Inkpot Magazine
Echo-locutionary Love
Justin Kennington
Spring 2026

A blue background with blue waves of light; Photo by Pawel Czerwinski on Unsplash
echolocation: physiological process for locating objects…by
sound waves reflected back to the emitter—Merriam Webster
My partner is humming again, this time a Chopin Nocturne,
slightly off key as per usual, familiar enough that though
I’ve long since forgotten the specific title, I think I can guess
at the unconscious cause—
we just left another small argument unfinished—
more mutual irritation really, spats about who forgot to start
the dishwasher, take the dog for a walk, thaw the salmon
fillets for guests coming to dinner in an hour.
But she gets lost in the ensuing silences, disoriented by any
cold emptiness between us … so she throws out a
song, a sort of reconnoitering of marital spaces, reading how the
sound rebounds off me back to her to determine how to
proceed—a ritual of call and response.
I think she might be part bat, or maybe shrew … wait for the
metaphor because that wasn't an insult … they’re just two
of a few animals including dolphins and narwhals that have
evolved the extraordinary method of using self-generated
waves and echoes to navigate their world’s dangerous
terrain or, in her case, murky emotional waters.

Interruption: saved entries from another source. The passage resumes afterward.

lemma exp_le_quadratic_bound:
  fixes z :: real
  assumes "\<bar>z\<bar> < 3"
  shows "exp z \<le> 1 + z + z\<^sup>2 / (2 * (1 - \<bar>z\<bar> / 3))"
proof -
  have "(\<lambda>n. z ^ n / fact n) sums exp z"
    using exp_converges[of z] by (simp add: divide_inverse mult.commute)
  then have tail: "(\<lambda>n. z ^ (n + 2) / fact (n + 2)) sums (exp z - 1 - z)"
    by (subst sums_iff_shift) (simp add: numeral_2_eq_2)
  have "(\<lambda>n. (\<bar>z\<bar> / 3) ^ n) sums (1 / (1 - \<bar>z\<bar> / 3))"
    by (rule geometric_sums) (use assms in auto)
  then have geom: "(\<lambda>n. z\<^sup>2 / 2 * (\<bar>z\<bar> / 3) ^ n) sums (z\<^sup>2 / 2 * (1 / (1 - \<bar>z\<bar> / 3)))"
    by (rule sums_mult)
  have "z ^ (n + 2) / fact (n + 2) \<le> z\<^sup>2 / 2 * (\<bar>z\<bar> / 3) ^ n" for n
  proof -
    have "z ^ (n + 2) / fact (n + 2) \<le> \<bar>z\<bar> ^ (n + 2) / fact (n + 2)"
      using abs_ge_self[of "z ^ (n + 2)"]
      by (intro divide_right_mono) (simp_all only: power_abs fact_ge_zero)
    also have "\<dots> \<le> \<bar>z\<bar> ^ (n + 2) / (2 * 3 ^ n)"
      by (intro divide_left_mono two_mult_three_power_le_fact) auto
    also have "\<dots> = z\<^sup>2 / 2 * (\<bar>z\<bar> / 3) ^ n"
      by (simp add: power_add power_divide power2_abs power2_eq_square)
    finally show ?thesis .
  qed
  then have "exp z - 1 - z \<le> z\<^sup>2 / 2 * (1 / (1 - \<bar>z\<bar> / 3))"
    using tail geom by (rule sums_le)
  then show ?thesis by (simp add: field_simps)
qed

lemma Bernoulli_mgf_le:
  fixes p l :: real
  assumes p: "0 \<le> p" "p \<le> 1" and l: "0 \<le> l" "l < 3"
  shows "(1 - p) * exp (- l * p) + p * exp (l * (1 - p))
           \<le> exp (p * (1 - p) * (l\<^sup>2 / (2 * (1 - l / 3))))"
proof -
  define c where "c = l\<^sup>2 / (2 * (1 - l / 3))"
  have exp_le: "exp (l * y) \<le> 1 + l * y + y\<^sup>2 * c" if "\<bar>y\<bar> \<le> 1" for y
  proof -
    have ly: "\<bar>l * y\<bar> \<le> l"
      using that l by (simp add: abs_mult mult_left_le)
    then have "exp (l * y) \<le> 1 + l * y + (l * y)\<^sup>2 / (2 * (1 - \<bar>l * y\<bar> / 3))"
      using l by (intro exp_le_quadratic_bound) linarith
    also have "(l * y)\<^sup>2 / (2 * (1 - \<bar>l * y\<bar> / 3)) \<le> (l * y)\<^sup>2 / (2 * (1 - l / 3))"
      using ly l by (intro divide_left_mono) (auto intro!: mult_pos_pos)
    also have "\<dots> = y\<^sup>2 * c"
      by (simp add: c_def power_mult_distrib)
    finally show ?thesis by simp
  qed
  have "(1 - p) * exp (- l * p) + p * exp (l * (1 - p))
        \<le> (1 - p) * (1 - l * p + p\<^sup>2 * c) + p * (1 + l * (1 - p) + (1 - p)\<^sup>2 * c)"
    using p exp_le[of "- p"] exp_le[of "1 - p"] by (intro add_mono mult_left_mono) auto
  also have "\<dots> = 1 + p * (1 - p) * c"
    by (simp add: algebra_simps power2_eq_square)
  also have "\<dots> \<le> exp (p * (1 - p) * c)"
    by (rule exp_ge_add_one_self[unfolded add.commute[of _ 1]])
  finally show ?thesis by (simp add: c_def)
qed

She has a range of vocalizations to match circumstance.
You’ve already heard of her penchant for using orchestral
or piano music for more minor skirmishes, but for the
all-out row, testing the waters, measuring my reply means
Broadway, one of the great villain arias, usually Javert’s
“Stars” from Les Mis when she’s feeling conciliatory,
or, when she’s not,
the Commendatore's operatic reverberations from “Don
Giovanni,” the lyrics of which I don’t need to under-
stand, the sound itself sufficient, to know what it portends—
“Warning: Relationship-Wrecking Rocks Ahead: Exercise
Caution in Response.”
Of all tricky relational soundscapes to map and maneuver,
the trickiest is the one where she’s wrong and she knows
it, knows that I know it and that I know she knows I
know … difficult not because of the torturous logic, but
because if I’m smug even a little bit, her tone shifts to a
little bit predatory—
finding prey is, after all, one use of echolocation—
not a threat outright to me, still disconcerting enough to
cause a fight-or-flight twinge in the chest when
accompanied by her new soundtrack and persona, Audrey
the 2nd, the man-eating plant from Little Shop of Horrors
intoning “Feed Me, Seymour, I’m Hungry” ...

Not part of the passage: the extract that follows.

(* Let $U:\mathbb{C}^*\to\mathbb{C}$ be a reasonable expansion with unique restrictions, between locally small categories, which has the expansion property. Assume that all morphisms in $\mathbb{C}$ are monomorphisms and that $\mathbb{C}^*$ is directed. Let $A\in\mathrm{Ob}(\mathbb{C})$, let $\mathcal{A}_1,\dots,\mathcal{A}_n\in U^{-1}(A)$ be distinct, and assume $t_i=t_{\mathbb{C}^*}(\mathcal{A}_i)\in\mathbb{N}$ for $i\in\{1,\dots,n\}$. Then $t_{\mathbb{C}}(A)\ge\sum_{i=1}^n t_i$.
   Context: Write $X\to Y$ if $\hom(X,Y)\ne\varnothing$; a category is directed if for all objects $A,B$ there is $C$ with $A\to C$, $B\to C$. An expansion of $\mathbb{C}$ is a category $\mathbb{C}^*$ with a functor $U:\mathbb{C}^*\to\mathbb{C}$ surjective on objects and injective on hom-sets; we regard $\hom_{\mathbb{C}^*}(\mathcal{A},\mathcal{B})\subseteq\hom_{\mathbb{C}}(U\mathcal{A},U\mathcal{B})$, and $U^{-1}(A)=\{\mathcal{A}:U(\mathcal{A})=A\}$. $U$ is reasonable if for every $e\in\hom(A,B)$ and $\mathcal{A}\in U^{-1}(A)$ there is $\mathcal{B}\in U^{-1}(B)$ with $e\in\hom(\mathcal{A},\mathcal{B})$; it has unique restrictions if for every $\mathcal{B}$ and $e\in\hom(A,U(\mathcal{B}))$ there is exactly one $\mathcal{A}\in U^{-1}(A)$ with $e\in\hom(\mathcal{A},\mathcal{B})$; it has the expansion property if for every $A\in\mathrm{Ob}(\mathbb{C})$ there is $B\in\mathrm{Ob}(\mathbb{C})$ with $\mathcal{A}\to\mathcal{B}$ for all $\mathcal{A}\in U^{-1}(A)$, $\mathcal{B}\in U^{-1}(B)$. In a category $\mathbb{D}$: $C\to(B)^A_{k,t}$ means that for every $\chi:\hom(A,C)\to\{0,\dots,k-1\}$ there is $w\in\hom(B,C)$ with $|\chi(w\cdot\hom(A,B))|\le t$; $t_{\mathbb{D}}(A)$ is the least positive $n$ such that for all $k\ge2$ and all $B$ there is $C$ with $C\to(B)^A_{k,n}$, and $\infty$ otherwise. *)

theory Defs
  imports Main "HOL-Library.Extended_Nat"
begin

it’s also tricky because there is no “right” response to that,
except to soften the situation with the particular brand of
understanding and good humor that only comes from two
people who have bounced sound back and forth for so long
that they understand—
what not to say and when not to say it.
An odd, evolutionary hydrographic tactic, you might, or
might not, say, but, then, aren’t we all bats or porpoises
or the lowly vole when it comes to love, blindly filling
the void with our song, our hope that someone is
indeed, there, listening, hearing …
every synapse straining to catch a response, faint as may
be, an echo of ourselves amplified by another into a
duet, disproving perhaps our greatest fear, caverned deep
in our day-to-day melodies—
the apprehension that we might otherwise be utterly alone.

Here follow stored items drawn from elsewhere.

text \<open>Each further line is the image of a line already found under conjugation by a point.\<close>
lemma nine_point_lines_first:
  assumes p20_def: "p20 = d \<otimes> (e \<otimes> d)" and p02_def: "p02 = d \<otimes> (f \<otimes> d)"
    and p22_def: "p22 = e \<otimes> (f \<otimes> e)" and p11_def: "p11 = p22 \<otimes> (d \<otimes> p22)"
    and p21_def: "p21 = p02 \<otimes> (e \<otimes> p02)" and p12_def: "p12 = p20 \<otimes> (f \<otimes> p20)"
  shows "line_triple e d p20" "line_triple f d p02" "line_triple f e p22"
    "line_triple f p20 p12" "line_triple d p22 p11" "line_triple e p02 p21"
proof -
  show L1: "line_triple e d p20" unfolding p20_def using d e de by (simp add: line_tripleI)
  show L2: "line_triple f d p02" unfolding p02_def using d f df by (simp add: line_tripleI)
  show L3: "line_triple f e p22" unfolding p22_def using e f ef by (simp add: line_tripleI)
  show L4: "line_triple f p20 p12"
    unfolding p12_def using d e f f_de by (simp add: line_tripleI p20_def)
  have "line_triple (e \<otimes> (f \<otimes> e)) (e \<otimes> (p20 \<otimes> e)) (e \<otimes> (p12 \<otimes> e))"
    using line_triple_conj[OF L4 e] .
  then have "line_triple d p22 (e \<otimes> (p12 \<otimes> e))"
    using line_triple_perms[OF L1] line_triple_third line_triple_swap p22_def by metis
  then show "line_triple d p22 p11" using line_triple_third p11_def by metis
  have "line_triple (d \<otimes> (f \<otimes> d)) (d \<otimes> (p20 \<otimes> d)) (d \<otimes> (p12 \<otimes> d))"
    using line_triple_conj[OF L4 d] .
  then have "line_triple e p02 (d \<otimes> (p12 \<otimes> d))"
    using line_triple_perms[OF L1] line_triple_third line_triple_swap p02_def by metis
  then show "line_triple e p02 p21" using line_triple_third p21_def by metis
qed

lemma nine_point_lines_second:
  assumes p20_def: "p20 = d \<otimes> (e \<otimes> d)" and p02_def: "p02 = d \<otimes> (f \<otimes> d)"
    and p22_def: "p22 = e \<otimes> (f \<otimes> e)" and p11_def: "p11 = p22 \<otimes> (d \<otimes> p22)"
    and p21_def: "p21 = p02 \<otimes> (e \<otimes> p02)" and p12_def: "p12 = p20 \<otimes> (f \<otimes> p20)"
  shows "line_triple d p21 p12" "line_triple p20 p02 p11" "line_triple e p11 p12"
    "line_triple f p11 p21" "line_triple p22 p02 p12" "line_triple p22 p21 p20"
proof -
  note first = nine_point_lines_first[OF assms]
  note L1 = line_triple_perms[OF first(1)] and L2 = line_triple_perms[OF first(2)]
    and L3 = line_triple_perms[OF first(3)] and L4 = line_triple_perms[OF first(4)]
    and L5 = line_triple_perms[OF first(5)] and L6 = line_triple_perms[OF first(6)]
  have p12_D: "p12 \<in> D" using line_triple_in_D[OF first(4)] by simp
  have e_p12: "e \<otimes> (p12 \<otimes> e) = p11"
    using line_triple_conj[OF first(4) e] L1 L3 L5 line_triple_third line_triple_unique by metis
  have d_p12: "d \<otimes> (p12 \<otimes> d) = p21"
    using line_triple_conj[OF first(4) d] L1 L2 L6 line_triple_third line_triple_unique by metis
  have "line_triple (p02 \<otimes> (f \<otimes> p02)) (p02 \<otimes> (e \<otimes> p02)) (p02 \<otimes> (p22 \<otimes> p02))"
    using line_triple_conj[OF first(3)] L2 line_triple_in_D by blast
  then have L7': "line_triple d p21 (p02 \<otimes> (p22 \<otimes> p02))"
    using L2 line_triple_third p21_def by metis
  have "p21 \<otimes> (d \<otimes> p21) = d \<otimes> (p21 \<otimes> d)"
    using line_triple_third line_triple_swap L7' by metis
  also have "\<dots> = p12" using d_p12[symmetric] d p12_D by (simp add: m_assoc D_involution)
  finally show L7: "line_triple d p21 p12" using L7' line_triple_third by metis
  have "line_triple (d \<otimes> (e \<otimes> d)) (d \<otimes> (f \<otimes> d)) (d \<otimes> (p22 \<otimes> d))"
    using line_triple_swap[OF line_triple_conj[OF first(3) d]] .
  then show "line_triple p20 p02 p11" using L5 line_triple_third p20_def p02_def by metis
  have "line_triple (p22 \<otimes> (f \<otimes> p22)) (p22 \<otimes> (d \<otimes> p22)) (p22 \<otimes> (p02 \<otimes> p22))"
    using line_triple_conj[OF first(2)] L3 line_triple_in_D by blast
  then have L9': "line_triple e p11 (p22 \<otimes> (p02 \<otimes> p22))"
    using L3 line_triple_third p11_def by metis
  have "p11 \<otimes> (e \<otimes> p11) = e \<otimes> (p11 \<otimes> e)"
    using line_triple_third line_triple_swap L9' by metis
  also have "\<dots> = p12" using e_p12[symmetric] e p12_D by (simp add: m_assoc D_involution)
  finally show L9: "line_triple e p11 p12" using L9' line_triple_third by metis
  have "line_triple (f \<otimes> (d \<otimes> f)) (f \<otimes> (p22 \<otimes> f)) (f \<otimes> (p11 \<otimes> f))"
    using line_triple_conj[OF first(5) f] .
  then have f_p11: "f \<otimes> (p11 \<otimes> f) = p21"
    using L2 L3 L6 line_triple_third line_triple_unique by metis
  have "line_triple (p22 \<otimes> (e \<otimes> p22)) (p22 \<otimes> (d \<otimes> p22)) (p22 \<otimes> (p20 \<otimes> p22))"
    using line_triple_conj[OF first(1)] L3 line_triple_in_D by blast
  then have L10': "line_triple f p11 (p22 \<otimes> (p20 \<otimes> p22))"
    using L3 line_triple_third p11_def by metis
  then have "p11 \<otimes> (f \<otimes> p11) = p21" using line_triple_third line_triple_swap f_p11 by metis
  then show "line_triple f p11 p21" using L10' line_triple_third by metis
  have "line_triple (f \<otimes> (e \<otimes> f)) (f \<otimes> (d \<otimes> f)) (f \<otimes> (p20 \<otimes> f))"
    using line_triple_conj[OF first(1) f] .
  then show "line_triple p22 p02 p12" using L2 L3 L4 line_triple_third by metis
  have "line_triple (f \<otimes> (e \<otimes> f)) (f \<otimes> (p11 \<otimes> f)) (f \<otimes> (p12 \<otimes> f))"
    using line_triple_conj[OF L9 f] .
  then show "line_triple p22 p21 p20" using L3 L4 f_p11 line_triple_third by metis
qed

Justin L Kennington is a poet, playwright and essayist from Payson, UT. After decades of teaching others to write and performing others' works, he is enjoying writing his own “material” in semi-retirement. His work has appeared in several journals including Inscape, BYU Studies, Panorama, and Wayfare. 2025 was an annus mirabilis for him, seeing publication of his collected poems, Read Me Alive, a staged reading of his play, Forgive Us This Day: An Entirely True Fishing Story, and publication of his memoir, Small Ball. When not writing, he can be found on Utah rivers fly-fishing and generating more fishing stories.